» EXERCISE PROMPT:
From the line with "(\<forall>v\<in>V. aV \<one>\<^bsub>G\<^esub>" through the line with "E aE = orbit", inclusive, return each line of the data below exactly and leave the rest out.

» SOURCE INFORMATION:
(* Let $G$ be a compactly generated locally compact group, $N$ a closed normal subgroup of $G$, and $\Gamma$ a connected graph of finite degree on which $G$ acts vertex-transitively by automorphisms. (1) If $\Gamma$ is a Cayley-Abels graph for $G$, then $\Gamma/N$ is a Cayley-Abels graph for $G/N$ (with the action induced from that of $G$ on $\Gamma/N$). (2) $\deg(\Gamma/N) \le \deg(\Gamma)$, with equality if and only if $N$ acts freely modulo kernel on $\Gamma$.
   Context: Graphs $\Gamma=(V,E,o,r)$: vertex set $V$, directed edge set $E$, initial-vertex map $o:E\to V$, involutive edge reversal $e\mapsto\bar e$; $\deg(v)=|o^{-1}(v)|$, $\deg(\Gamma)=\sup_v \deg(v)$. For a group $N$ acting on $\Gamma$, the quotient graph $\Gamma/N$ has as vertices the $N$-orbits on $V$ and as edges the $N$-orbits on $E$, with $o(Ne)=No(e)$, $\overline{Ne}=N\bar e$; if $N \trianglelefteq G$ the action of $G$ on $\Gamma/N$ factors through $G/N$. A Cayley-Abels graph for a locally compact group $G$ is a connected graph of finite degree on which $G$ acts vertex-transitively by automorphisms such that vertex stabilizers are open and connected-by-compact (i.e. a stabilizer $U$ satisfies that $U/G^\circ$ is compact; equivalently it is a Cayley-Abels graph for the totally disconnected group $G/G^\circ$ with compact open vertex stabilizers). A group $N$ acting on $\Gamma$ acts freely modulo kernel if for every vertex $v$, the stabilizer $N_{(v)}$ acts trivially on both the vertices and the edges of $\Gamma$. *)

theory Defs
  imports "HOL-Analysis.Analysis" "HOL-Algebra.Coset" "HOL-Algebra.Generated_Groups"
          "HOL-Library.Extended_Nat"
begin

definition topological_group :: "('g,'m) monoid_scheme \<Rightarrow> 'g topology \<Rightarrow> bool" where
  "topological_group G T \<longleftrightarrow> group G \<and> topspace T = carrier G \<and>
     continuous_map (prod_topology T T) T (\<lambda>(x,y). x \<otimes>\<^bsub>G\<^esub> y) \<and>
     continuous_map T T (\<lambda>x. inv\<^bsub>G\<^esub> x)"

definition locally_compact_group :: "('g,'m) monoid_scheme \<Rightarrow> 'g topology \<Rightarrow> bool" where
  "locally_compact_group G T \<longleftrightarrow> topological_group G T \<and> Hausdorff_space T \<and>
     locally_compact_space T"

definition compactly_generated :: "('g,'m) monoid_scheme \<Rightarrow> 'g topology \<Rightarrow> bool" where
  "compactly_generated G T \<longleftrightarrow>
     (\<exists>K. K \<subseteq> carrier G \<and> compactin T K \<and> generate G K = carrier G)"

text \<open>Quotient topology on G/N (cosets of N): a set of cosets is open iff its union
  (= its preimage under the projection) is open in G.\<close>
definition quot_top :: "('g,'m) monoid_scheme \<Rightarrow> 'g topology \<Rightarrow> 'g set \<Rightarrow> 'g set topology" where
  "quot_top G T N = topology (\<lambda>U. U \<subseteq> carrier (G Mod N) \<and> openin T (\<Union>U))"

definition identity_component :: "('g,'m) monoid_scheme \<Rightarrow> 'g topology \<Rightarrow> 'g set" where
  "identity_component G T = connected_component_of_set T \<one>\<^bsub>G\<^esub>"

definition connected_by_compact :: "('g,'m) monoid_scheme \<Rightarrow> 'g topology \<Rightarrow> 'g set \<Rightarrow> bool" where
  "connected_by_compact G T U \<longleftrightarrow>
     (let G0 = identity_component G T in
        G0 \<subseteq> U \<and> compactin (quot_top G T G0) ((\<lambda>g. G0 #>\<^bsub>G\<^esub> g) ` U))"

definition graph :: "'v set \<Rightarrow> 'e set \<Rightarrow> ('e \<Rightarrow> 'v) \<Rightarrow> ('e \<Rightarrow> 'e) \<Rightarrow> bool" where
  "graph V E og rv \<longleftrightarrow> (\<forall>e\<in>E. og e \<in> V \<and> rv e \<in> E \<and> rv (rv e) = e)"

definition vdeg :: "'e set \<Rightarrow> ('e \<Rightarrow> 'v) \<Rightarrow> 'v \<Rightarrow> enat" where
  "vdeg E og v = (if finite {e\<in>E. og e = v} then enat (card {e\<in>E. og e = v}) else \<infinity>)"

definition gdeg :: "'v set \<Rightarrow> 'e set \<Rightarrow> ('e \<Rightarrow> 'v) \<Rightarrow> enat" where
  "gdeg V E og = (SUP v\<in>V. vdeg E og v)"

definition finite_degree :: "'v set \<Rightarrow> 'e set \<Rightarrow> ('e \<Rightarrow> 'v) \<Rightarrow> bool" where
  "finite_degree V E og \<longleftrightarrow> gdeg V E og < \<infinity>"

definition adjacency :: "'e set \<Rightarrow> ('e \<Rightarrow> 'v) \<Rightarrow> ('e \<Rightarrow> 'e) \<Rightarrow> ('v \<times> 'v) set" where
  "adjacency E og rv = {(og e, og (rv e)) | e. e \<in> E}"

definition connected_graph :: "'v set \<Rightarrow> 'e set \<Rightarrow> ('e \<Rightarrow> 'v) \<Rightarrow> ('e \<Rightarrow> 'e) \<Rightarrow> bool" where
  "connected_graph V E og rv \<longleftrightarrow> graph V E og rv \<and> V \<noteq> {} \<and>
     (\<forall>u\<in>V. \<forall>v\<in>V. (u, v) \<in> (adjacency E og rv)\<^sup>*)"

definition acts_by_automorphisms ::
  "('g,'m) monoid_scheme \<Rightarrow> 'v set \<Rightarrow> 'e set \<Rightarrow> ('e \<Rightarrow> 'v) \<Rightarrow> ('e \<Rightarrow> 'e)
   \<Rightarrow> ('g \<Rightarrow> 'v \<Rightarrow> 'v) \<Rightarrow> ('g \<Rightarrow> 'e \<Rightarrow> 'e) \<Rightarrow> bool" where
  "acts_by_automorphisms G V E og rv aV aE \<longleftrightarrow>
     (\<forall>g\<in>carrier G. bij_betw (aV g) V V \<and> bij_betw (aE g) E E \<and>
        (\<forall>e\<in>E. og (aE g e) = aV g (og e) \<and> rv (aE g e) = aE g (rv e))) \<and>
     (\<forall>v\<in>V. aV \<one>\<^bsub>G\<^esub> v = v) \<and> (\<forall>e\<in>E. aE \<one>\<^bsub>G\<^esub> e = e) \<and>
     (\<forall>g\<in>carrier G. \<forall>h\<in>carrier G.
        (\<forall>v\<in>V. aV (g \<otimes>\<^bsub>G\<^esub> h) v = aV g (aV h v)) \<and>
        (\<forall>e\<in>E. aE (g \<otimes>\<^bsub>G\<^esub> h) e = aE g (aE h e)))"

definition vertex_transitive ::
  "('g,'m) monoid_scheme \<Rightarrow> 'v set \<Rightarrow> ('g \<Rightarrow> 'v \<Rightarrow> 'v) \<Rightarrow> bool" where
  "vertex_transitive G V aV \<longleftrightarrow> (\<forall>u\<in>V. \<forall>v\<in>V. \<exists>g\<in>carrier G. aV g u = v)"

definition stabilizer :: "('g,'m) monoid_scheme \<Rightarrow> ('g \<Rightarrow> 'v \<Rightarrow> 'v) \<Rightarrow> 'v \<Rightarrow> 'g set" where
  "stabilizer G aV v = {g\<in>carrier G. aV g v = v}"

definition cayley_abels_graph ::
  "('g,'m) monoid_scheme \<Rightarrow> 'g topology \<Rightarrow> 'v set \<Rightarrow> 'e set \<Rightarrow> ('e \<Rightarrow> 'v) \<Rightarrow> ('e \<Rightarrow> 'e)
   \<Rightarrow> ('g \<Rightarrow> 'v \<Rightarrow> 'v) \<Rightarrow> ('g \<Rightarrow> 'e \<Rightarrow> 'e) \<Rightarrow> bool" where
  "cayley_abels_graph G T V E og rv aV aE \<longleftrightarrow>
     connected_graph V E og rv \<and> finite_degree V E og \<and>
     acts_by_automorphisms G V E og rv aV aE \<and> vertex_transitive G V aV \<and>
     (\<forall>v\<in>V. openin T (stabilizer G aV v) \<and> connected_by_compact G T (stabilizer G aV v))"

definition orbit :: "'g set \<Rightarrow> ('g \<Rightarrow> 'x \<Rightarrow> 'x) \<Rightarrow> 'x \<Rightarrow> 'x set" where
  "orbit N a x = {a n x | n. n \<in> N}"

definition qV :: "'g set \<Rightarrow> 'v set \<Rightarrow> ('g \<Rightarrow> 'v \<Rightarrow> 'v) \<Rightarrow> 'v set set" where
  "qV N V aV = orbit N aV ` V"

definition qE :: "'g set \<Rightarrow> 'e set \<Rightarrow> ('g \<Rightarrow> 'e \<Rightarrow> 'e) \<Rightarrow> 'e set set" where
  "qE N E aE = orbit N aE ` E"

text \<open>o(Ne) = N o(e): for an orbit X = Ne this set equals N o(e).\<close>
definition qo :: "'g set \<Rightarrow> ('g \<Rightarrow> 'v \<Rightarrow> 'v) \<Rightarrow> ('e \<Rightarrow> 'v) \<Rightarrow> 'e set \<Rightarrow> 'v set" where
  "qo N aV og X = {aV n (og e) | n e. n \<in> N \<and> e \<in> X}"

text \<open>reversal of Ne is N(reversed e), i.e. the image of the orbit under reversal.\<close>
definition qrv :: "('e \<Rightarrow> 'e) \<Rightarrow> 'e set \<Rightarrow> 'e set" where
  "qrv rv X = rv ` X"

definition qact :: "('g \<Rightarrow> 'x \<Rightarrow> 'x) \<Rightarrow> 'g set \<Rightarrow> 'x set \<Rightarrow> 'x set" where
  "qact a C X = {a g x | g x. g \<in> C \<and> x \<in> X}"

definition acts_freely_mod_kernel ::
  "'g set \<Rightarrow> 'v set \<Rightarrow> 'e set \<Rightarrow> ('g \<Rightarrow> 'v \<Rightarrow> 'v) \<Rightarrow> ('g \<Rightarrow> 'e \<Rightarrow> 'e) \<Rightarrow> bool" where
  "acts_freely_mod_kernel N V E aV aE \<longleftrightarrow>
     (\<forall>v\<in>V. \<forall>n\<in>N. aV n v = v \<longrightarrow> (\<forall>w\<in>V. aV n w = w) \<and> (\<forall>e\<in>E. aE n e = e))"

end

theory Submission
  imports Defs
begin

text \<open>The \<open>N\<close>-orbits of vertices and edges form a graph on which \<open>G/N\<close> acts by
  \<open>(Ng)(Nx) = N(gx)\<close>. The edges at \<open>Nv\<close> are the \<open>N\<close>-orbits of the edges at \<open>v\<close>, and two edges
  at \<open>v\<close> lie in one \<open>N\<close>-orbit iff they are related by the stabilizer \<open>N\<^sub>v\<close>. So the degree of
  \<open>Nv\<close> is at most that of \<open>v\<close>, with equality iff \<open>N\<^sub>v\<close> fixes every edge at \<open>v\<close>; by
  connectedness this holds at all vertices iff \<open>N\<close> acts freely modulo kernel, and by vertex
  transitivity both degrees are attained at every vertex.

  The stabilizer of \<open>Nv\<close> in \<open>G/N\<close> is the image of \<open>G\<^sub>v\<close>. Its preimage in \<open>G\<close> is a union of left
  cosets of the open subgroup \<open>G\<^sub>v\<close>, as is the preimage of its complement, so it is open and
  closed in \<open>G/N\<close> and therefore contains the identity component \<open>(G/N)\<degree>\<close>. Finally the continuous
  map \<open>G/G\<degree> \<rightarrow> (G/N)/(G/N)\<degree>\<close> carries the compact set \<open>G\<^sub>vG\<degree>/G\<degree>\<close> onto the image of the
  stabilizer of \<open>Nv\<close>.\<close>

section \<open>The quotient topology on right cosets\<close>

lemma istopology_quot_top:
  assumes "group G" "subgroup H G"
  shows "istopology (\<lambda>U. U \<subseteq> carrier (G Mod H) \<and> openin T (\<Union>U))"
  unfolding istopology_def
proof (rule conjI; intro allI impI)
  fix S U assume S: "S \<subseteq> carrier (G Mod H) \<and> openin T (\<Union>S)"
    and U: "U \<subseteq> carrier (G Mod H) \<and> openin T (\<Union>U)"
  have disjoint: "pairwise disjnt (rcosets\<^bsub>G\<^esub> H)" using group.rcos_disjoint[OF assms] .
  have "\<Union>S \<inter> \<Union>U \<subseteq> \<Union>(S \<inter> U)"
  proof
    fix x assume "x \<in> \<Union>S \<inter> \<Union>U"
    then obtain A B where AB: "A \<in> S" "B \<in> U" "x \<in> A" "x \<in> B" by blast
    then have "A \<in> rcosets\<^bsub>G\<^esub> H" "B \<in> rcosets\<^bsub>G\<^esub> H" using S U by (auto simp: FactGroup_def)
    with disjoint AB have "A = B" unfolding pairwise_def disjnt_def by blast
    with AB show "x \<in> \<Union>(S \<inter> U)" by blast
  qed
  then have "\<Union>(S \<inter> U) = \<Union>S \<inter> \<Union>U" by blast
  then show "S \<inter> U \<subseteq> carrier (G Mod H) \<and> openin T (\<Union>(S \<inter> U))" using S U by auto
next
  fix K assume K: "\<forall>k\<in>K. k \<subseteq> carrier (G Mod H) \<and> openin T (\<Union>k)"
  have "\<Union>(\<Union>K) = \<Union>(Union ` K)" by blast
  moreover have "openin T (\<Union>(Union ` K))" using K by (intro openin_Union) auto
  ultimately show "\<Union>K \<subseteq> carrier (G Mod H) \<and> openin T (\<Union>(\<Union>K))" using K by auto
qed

» ANSWER TO THE PROBLEM:
     (\<forall>v\<in>V. aV \<one>\<^bsub>G\<^esub> v = v) \<and> (\<forall>e\<in>E. aE \<one>\<^bsub>G\<^esub> e = e) \<and>
     (\<forall>g\<in>carrier G. \<forall>h\<in>carrier G.
        (\<forall>v\<in>V. aV (g \<otimes>\<^bsub>G\<^esub> h) v = aV g (aV h v)) \<and>
        (\<forall>e\<in>E. aE (g \<otimes>\<^bsub>G\<^esub> h) e = aE g (aE h e)))"

definition vertex_transitive ::
  "('g,'m) monoid_scheme \<Rightarrow> 'v set \<Rightarrow> ('g \<Rightarrow> 'v \<Rightarrow> 'v) \<Rightarrow> bool" where
  "vertex_transitive G V aV \<longleftrightarrow> (\<forall>u\<in>V. \<forall>v\<in>V. \<exists>g\<in>carrier G. aV g u = v)"

definition stabilizer :: "('g,'m) monoid_scheme \<Rightarrow> ('g \<Rightarrow> 'v \<Rightarrow> 'v) \<Rightarrow> 'v \<Rightarrow> 'g set" where
  "stabilizer G aV v = {g\<in>carrier G. aV g v = v}"

definition cayley_abels_graph ::
  "('g,'m) monoid_scheme \<Rightarrow> 'g topology \<Rightarrow> 'v set \<Rightarrow> 'e set \<Rightarrow> ('e \<Rightarrow> 'v) \<Rightarrow> ('e \<Rightarrow> 'e)
   \<Rightarrow> ('g \<Rightarrow> 'v \<Rightarrow> 'v) \<Rightarrow> ('g \<Rightarrow> 'e \<Rightarrow> 'e) \<Rightarrow> bool" where
  "cayley_abels_graph G T V E og rv aV aE \<longleftrightarrow>
     connected_graph V E og rv \<and> finite_degree V E og \<and>
     acts_by_automorphisms G V E og rv aV aE \<and> vertex_transitive G V aV \<and>
     (\<forall>v\<in>V. openin T (stabilizer G aV v) \<and> connected_by_compact G T (stabilizer G aV v))"

definition orbit :: "'g set \<Rightarrow> ('g \<Rightarrow> 'x \<Rightarrow> 'x) \<Rightarrow> 'x \<Rightarrow> 'x set" where
  "orbit N a x = {a n x | n. n \<in> N}"

definition qV :: "'g set \<Rightarrow> 'v set \<Rightarrow> ('g \<Rightarrow> 'v \<Rightarrow> 'v) \<Rightarrow> 'v set set" where
  "qV N V aV = orbit N aV ` V"

definition qE :: "'g set \<Rightarrow> 'e set \<Rightarrow> ('g \<Rightarrow> 'e \<Rightarrow> 'e) \<Rightarrow> 'e set set" where
  "qE N E aE = orbit N aE ` E"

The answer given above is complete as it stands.